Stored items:
:::::

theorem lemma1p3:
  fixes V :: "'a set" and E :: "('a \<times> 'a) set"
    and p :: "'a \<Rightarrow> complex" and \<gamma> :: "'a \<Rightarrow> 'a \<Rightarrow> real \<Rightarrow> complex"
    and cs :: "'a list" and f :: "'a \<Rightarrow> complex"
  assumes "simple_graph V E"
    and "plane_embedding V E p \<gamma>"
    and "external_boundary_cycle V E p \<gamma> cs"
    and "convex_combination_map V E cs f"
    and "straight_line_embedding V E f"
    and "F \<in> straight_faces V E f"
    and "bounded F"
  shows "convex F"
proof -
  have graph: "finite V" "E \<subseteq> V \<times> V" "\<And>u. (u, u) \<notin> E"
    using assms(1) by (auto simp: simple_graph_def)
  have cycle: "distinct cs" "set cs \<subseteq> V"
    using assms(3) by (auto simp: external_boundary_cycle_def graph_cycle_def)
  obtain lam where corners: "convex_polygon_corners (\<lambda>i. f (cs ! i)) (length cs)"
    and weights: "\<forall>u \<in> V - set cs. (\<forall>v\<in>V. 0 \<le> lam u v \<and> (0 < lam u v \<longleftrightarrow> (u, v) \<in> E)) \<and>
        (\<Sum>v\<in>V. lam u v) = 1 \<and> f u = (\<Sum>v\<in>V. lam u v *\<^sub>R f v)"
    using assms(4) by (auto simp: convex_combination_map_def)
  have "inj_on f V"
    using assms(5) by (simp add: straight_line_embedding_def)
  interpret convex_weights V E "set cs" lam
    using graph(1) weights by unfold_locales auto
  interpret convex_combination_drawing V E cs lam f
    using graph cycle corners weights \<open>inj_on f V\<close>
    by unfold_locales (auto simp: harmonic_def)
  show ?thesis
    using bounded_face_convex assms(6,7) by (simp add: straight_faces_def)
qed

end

:::::

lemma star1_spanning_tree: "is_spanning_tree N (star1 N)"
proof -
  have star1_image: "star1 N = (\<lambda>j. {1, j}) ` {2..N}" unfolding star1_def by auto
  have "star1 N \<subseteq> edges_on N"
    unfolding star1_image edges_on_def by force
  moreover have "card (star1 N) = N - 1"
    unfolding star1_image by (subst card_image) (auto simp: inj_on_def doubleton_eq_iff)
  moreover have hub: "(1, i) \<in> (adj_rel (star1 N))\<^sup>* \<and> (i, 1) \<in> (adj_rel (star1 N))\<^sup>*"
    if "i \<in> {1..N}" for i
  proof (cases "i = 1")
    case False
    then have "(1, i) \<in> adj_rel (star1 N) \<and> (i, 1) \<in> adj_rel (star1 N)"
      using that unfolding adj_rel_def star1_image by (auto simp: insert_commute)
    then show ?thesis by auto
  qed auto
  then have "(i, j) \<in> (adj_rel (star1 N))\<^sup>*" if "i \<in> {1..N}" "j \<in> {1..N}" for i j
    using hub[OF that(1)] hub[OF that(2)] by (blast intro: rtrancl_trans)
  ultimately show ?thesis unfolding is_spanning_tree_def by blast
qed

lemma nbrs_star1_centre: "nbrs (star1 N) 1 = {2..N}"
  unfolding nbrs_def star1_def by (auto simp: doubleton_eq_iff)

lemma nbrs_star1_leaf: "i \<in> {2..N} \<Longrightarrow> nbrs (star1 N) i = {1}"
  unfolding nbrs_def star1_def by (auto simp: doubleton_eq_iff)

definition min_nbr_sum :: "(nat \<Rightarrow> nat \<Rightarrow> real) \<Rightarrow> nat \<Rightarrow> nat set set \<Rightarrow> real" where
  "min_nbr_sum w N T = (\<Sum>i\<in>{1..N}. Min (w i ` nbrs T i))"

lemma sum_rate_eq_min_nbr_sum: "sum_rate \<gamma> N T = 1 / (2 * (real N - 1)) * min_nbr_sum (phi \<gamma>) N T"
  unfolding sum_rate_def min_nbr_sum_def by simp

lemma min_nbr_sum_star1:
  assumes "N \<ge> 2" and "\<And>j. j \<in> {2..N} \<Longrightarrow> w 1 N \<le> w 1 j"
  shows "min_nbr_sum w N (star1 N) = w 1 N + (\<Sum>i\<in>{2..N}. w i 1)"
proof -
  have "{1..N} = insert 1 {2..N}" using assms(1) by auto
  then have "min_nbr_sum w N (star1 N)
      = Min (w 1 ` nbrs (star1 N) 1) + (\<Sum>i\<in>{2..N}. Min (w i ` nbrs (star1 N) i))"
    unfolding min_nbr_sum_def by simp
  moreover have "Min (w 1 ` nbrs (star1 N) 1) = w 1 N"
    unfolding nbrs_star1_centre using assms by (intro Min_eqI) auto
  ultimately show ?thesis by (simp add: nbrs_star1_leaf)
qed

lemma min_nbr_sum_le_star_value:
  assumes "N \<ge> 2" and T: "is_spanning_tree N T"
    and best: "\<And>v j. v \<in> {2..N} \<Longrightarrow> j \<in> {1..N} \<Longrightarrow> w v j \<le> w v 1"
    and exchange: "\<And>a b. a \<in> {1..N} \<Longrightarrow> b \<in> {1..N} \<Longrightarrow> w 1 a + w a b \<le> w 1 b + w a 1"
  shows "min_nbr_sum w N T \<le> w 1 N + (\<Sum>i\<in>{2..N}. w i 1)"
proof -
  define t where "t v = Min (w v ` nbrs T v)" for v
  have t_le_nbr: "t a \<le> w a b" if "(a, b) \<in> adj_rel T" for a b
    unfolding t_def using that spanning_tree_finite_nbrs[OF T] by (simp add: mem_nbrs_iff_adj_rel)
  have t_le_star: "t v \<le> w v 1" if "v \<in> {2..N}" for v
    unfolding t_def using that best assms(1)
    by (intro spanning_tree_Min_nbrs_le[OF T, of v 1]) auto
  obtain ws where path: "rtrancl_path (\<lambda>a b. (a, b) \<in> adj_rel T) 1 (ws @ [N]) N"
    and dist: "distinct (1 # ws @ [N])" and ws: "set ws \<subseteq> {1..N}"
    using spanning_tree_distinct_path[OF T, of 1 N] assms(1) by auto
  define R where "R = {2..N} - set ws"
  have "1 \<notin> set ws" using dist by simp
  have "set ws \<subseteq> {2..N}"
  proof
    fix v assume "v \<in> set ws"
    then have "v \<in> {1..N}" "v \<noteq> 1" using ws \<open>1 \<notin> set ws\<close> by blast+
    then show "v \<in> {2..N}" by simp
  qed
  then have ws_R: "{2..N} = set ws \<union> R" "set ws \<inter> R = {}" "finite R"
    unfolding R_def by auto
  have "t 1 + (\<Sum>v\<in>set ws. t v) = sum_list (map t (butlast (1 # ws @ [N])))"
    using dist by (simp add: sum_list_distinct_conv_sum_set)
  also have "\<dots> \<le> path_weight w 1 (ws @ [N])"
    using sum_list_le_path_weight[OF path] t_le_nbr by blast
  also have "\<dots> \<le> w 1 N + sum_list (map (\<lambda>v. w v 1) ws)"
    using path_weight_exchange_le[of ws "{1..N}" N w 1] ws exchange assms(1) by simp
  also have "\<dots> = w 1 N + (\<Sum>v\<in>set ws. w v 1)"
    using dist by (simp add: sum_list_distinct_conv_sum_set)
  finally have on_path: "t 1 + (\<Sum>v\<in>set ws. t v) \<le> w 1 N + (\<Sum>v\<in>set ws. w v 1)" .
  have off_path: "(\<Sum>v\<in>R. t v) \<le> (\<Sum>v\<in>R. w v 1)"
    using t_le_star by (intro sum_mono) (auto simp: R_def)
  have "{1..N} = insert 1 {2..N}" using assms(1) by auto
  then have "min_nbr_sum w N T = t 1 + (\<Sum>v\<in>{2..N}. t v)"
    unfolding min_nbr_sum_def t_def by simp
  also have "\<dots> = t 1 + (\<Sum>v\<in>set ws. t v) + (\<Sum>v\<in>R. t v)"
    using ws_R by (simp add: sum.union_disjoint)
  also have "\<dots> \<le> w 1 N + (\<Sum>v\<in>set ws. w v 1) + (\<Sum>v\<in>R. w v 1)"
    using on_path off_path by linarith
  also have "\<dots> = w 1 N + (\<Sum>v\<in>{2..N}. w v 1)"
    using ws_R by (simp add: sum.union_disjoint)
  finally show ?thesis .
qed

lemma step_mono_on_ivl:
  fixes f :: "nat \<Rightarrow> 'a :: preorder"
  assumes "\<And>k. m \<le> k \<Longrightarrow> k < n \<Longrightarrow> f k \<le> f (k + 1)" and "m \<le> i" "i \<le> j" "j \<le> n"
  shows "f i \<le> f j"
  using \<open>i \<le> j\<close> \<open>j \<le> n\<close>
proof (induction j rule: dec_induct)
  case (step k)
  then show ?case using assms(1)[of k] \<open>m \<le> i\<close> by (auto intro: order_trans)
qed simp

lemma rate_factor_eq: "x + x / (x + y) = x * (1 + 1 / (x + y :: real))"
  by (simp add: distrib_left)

:::::

[Exercise details]
Please copy out each line of the data in which the word "complex" occurs.

[Answer section]
    and p :: "'a \<Rightarrow> complex" and \<gamma> :: "'a \<Rightarrow> 'a \<Rightarrow> real \<Rightarrow> complex"
    and cs :: "'a list" and f :: "'a \<Rightarrow> complex"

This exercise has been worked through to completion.